Does Flour Go Bad? The Truth Behind Flour Shelf Life

The other day I was looking around my pantry with a cookie recipe in hand, ready to get baking. The problem is that I haven’t done any baking in what seems like years

The other day I was looking around my pantry with a cookie recipe in hand, ready to get baking. The problem is that I haven’t done any baking in what seems like years! The second I picked up my flour, I had to wonder if it was still any good. Does flour expire though?

The Many Types of Flour

Types of Flour

If you’ve ever walked around the supermarket, then you know that there are so many kinds to choose from! Self-rising, regular, and whole wheat are only some of the options. It’s not any easier to figure out if you does flour go bad when you’re sifting through different types.

As a general rule though, most flour lasts for about a year when you store it well. The only exception is pretty much whole wheat flour. Since it contains a little more oil than other types, it will last maybe half a year or so.

What About the Expiration Date? How long does flour last?

Yeah, I figured you’d bring up the expiration date at some point. Hey, I don’t blame you; when I want to know whether something’s good, that’s pretty much my saving grace! In the end, though, that date is a raw estimate. Sometimes they’re right, but other times they can be a little off.

In actuality, most flour lasts beyond the expiration date. The amount of time just depends on the type. Flour, rice flour, cornmeal flour, and potato flour will stay strong for 6-8 months, while whole wheat flour and self-rising flour may only last for 4-6 months after they supposedly expire.

The flour that lasts the longest is cornmeal, which can stay good for 9-12 months after the printed date! Pretty amazing, huh? If you want to be conservative though, start checking your flour a year after you buy it.

White vs. Wheat Showdown

White flour and whole wheat flour are some of the most common types and can represent the extremes so to speak. White flour takes the longest amount of time to spoil, which is why it can last around a year normally and up to two years if refrigerated.

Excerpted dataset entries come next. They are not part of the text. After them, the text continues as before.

lemma subpathin_0_1: "subpathin p 0 1 = p"
  by (auto simp: subpathin_def)

lemma pathin_subpathin:
  assumes "pathin X p" "u \<in> {0..1}" "v \<in> {0..1}"
  shows "pathin X (subpathin p u v)"
  unfolding subpathin_def
  apply (rule pathin_reparam[OF assms(1)])
   apply (intro continuous_intros)
  unfolding image_subset_iff using assms convex_comb_in_unit_interval by blast

lemma pathin_subtopology_subpathin:
  assumes "pathin X p" "u \<in> {0..1}" "v \<in> {0..1}" "p ` {min u v..max u v} \<subseteq> U"
  shows "pathin (subtopology X U) (subpathin p u v)"
proof -
  have "subpathin p u v x \<in> U" if "x \<in> {0..1}" for x
  proof -
    have "(1 - x) * min u v + x * min u v \<le> (1 - x) * u + x * v"
      "(1 - x) * u + x * v \<le> (1 - x) * max u v + x * max u v"
      using that by (intro add_mono mult_left_mono; simp)+
    then have "u + (v - u) * x \<in> {min u v..max u v}"
      by (simp add: algebra_simps)
    then show ?thesis
      using assms(4) unfolding subpathin_def by blast
  qed
  then show ?thesis
    using pathin_subpathin[OF assms(1-3)] by (simp add: pathin_subtopology)
qed

lemma pathin_subtopology_mono:
  "pathin (subtopology X S) g \<Longrightarrow> S \<subseteq> T \<Longrightarrow> pathin (subtopology X T) g"
  by (auto simp: pathin_subtopology)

It can even be stored indefinitely in the freezer! Whole wheat flour, on the other hand, thanks to its oil, meets its timely end much more quickly. It can last a little more than a half a year in the refrigerator, and maybe a year in the freezer. You’ll smell it if whole wheat does flour goes bad since it’ll go rancid.

Check for Bugs (Yuck!)

As gross as it is, flour is a great place for bugs that either eat it or use it as a nursery. They can chew through the packaging before you even open it and ruin some perfectly good flour.

If you want to check, you need to hold some flour very still and check if it moves. The best way to do this is to put some flour in a plain glass jar. Press it together so you get a flat, hard surface on the floor and let it stand in a bright, warm area for a few hours. If there are worms in it, some will break the surface and be visible.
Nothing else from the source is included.